The denominator indicates that a higher compensated labour supply elasticity favours a lower tax rate. The other terms in the integrand indicate that, ceteris paribus, the labour supply elasticity matters more with regard to high-income individuals and at ability levels where there are more individuals (typically the middle of the income distribution) because of the greater sacrifice in revenue.
The foregoing exposition is incomplete in not emphasizing the various respects in which income effects are relevant (they influence α and also λ) and in ignoring that the values on the right side of expression (6) are endogenous. Especially for the latter reason, the literature has relied heavily on simulations.

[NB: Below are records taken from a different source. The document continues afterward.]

(* Let $x_0>0$, $L>0$, and let $\gamma$ be an admissible curve parametrized by arc length. Let $\mathcal V$ be a first-order area-preserving admissible variation of $\gamma$ with velocity $X$ and acceleration $X'$. Then there exists an area-preserving admissible variation $\tilde{\mathcal V}$ of $\gamma$, with velocity $\tilde X$ and acceleration $\tilde X'$, such that $\tilde X=X$ on $[0,2L]$ and $\tilde X'=X'$ on $[0,\frac L2]\cup[\frac{3L}2,2L]$.
   Context: Notation: $(\xi,\eta)^\perp=(\eta,-\xi)$; for a regular curve $\gamma\in C^2([0,2L],\mathbb R^2)$ ($|\dot\gamma|>0$), curvature $H=\langle\dot\gamma,\ddot\gamma^\perp\rangle/|\dot\gamma|^3$, normal $N=\dot\gamma^\perp/|\dot\gamma|$; strictly counterclockwise means $H>0$. A curve $\gamma=(x,y)$ is admissible if $\gamma\in C^\infty([0,2L],\mathbb R^2)$ is regular, strictly counterclockwise, injective, $\gamma(0)=(x_0,0)$, $\gamma(2L)=(-x_0,0)$, $y>0$ on $(0,2L)$. Enclosed area: $\mathcal A(\gamma)=\frac12\int_0^{2L}(x\dot y-\dot x y)\,ds$. An admissible variation is a smooth $\mathcal V:[0,2L]\times[-t_{\mathcal V},t_{\mathcal V}]\to\mathbb R^2$ with $\mathcal V(\cdot,0)=\gamma$ and $\gamma_t=\mathcal V(\cdot,t)$ admissible for all $t$; velocity $X=\partial_t\mathcal V|_{t=0}$, acceleration $X'=\partial_t^2\mathcal V|_{t=0}$. It is area-preserving if $\mathcal A(\gamma_t)=\mathcal A(\gamma)$ for all $t$, and first-order area-preserving if $\int_0^{2L}\langle X,N\rangle\,ds=0$ (for arc-length parametrized $\gamma$). *)

theory Defs
  imports "HOL-Analysis.Analysis"
begin

fun Ck_on :: "nat \<Rightarrow> 'a::euclidean_space set \<Rightarrow> ('a \<Rightarrow> 'b::real_normed_vector) \<Rightarrow> bool" where
  "Ck_on 0 U f = continuous_on U f"
| "Ck_on (Suc n) U f =
     (f differentiable_on U \<and> continuous_on U f \<and>
      (\<forall>i\<in>Basis. Ck_on n U (\<lambda>x. frechet_derivative f (at x) i)))"

definition Cinf_on :: "'a::euclidean_space set \<Rightarrow> ('a \<Rightarrow> 'b::real_normed_vector) \<Rightarrow> bool" where
  "Cinf_on U f \<longleftrightarrow> open U \<and> (\<forall>n. Ck_on n U f)"

definition smooth_on_set :: "'a::euclidean_space set \<Rightarrow> ('a \<Rightarrow> 'b::real_normed_vector) \<Rightarrow> bool" where
  "smooth_on_set S f \<longleftrightarrow> (\<exists>U g. open U \<and> S \<subseteq> U \<and> Cinf_on U g \<and> (\<forall>x\<in>S. g x = f x))"

definition perp :: "real \<times> real \<Rightarrow> real \<times> real" where
  "perp v = (snd v, - fst v)"

definition d1 :: "real \<Rightarrow> (real \<Rightarrow> real \<times> real) \<Rightarrow> real \<Rightarrow> real \<times> real" where
  "d1 L \<gamma> s = vector_derivative \<gamma> (at s within {0..2*L})"

definition d2 :: "real \<Rightarrow> (real \<Rightarrow> real \<times> real) \<Rightarrow> real \<Rightarrow> real \<times> real" where
  "d2 L \<gamma> s = vector_derivative (d1 L \<gamma>) (at s within {0..2*L})"

definition curvature :: "real \<Rightarrow> (real \<Rightarrow> real \<times> real) \<Rightarrow> real \<Rightarrow> real" where
  "curvature L \<gamma> s = inner (d1 L \<gamma> s) (perp (d2 L \<gamma> s)) / norm (d1 L \<gamma> s) ^ 3"

definition normal :: "real \<Rightarrow> (real \<Rightarrow> real \<times> real) \<Rightarrow> real \<Rightarrow> real \<times> real" where
  "normal L \<gamma> s = inverse (norm (d1 L \<gamma> s)) *\<^sub>R perp (d1 L \<gamma> s)"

The most-reported optimal linear income taxation simulations are those of Stern (1976). For his preferred case – an elasticity of substitution between consumption and labour of 0.4, a government revenue requirement of 20 per cent of national income, and a social marginal valuation of income that decreases roughly with the square of income – he finds that the optimal tax rate is 54 per cent and that individuals’ lump-sum grant equals 34 per cent of average income. To illustrate the benefits of redistribution, he finds that a scheme that uses a lower tax rate, just high enough to finance government programmes (that is, with a grant of zero), produces a level of social welfare that is lower by an amount equivalent to approximately 5 per cent of national income. If there is very little weight on equality, the optimal tax rate is only 25 per cent, whereas if there is extreme weight on equality, the optimal tax rate is 87 per cent. Returning to his central case, an extremely low labour supply elasticity implies an optimal tax rate of 79 per cent, and an elasticity as high as had been used in some earlier literature implies an optimal tax rate of 35 per cent. In the absence of the need to finance government expenditures, the optimal tax rate is 48 per cent, and if government expenditures are twice as high, the optimal tax rate is 60 per cent.
Nonlinear Income Tax
Mirrlees (1971) and subsequent investigators employ control-theoretic techniques to address the more general formulation of the optimal nonlinear income taxation problem, which requires choosing an entire tax schedule T (wl) rather than a single tax rate. In this maximization, the constraints regarding individuals’ maximizing behaviour entail that no individual of any type w will prefer the choice specified for any other type w°. This approach is related to the use of the revelation principle in work on mechanism design, and in similar spirit many researchers following Stiglitz (1982) and others analyse a simpler, discrete variant of the problem, often involving two types, in which the binding incentive constraint is usually that the high-ability type not have an incentive to mimic the low-ability type in order to pay less tax.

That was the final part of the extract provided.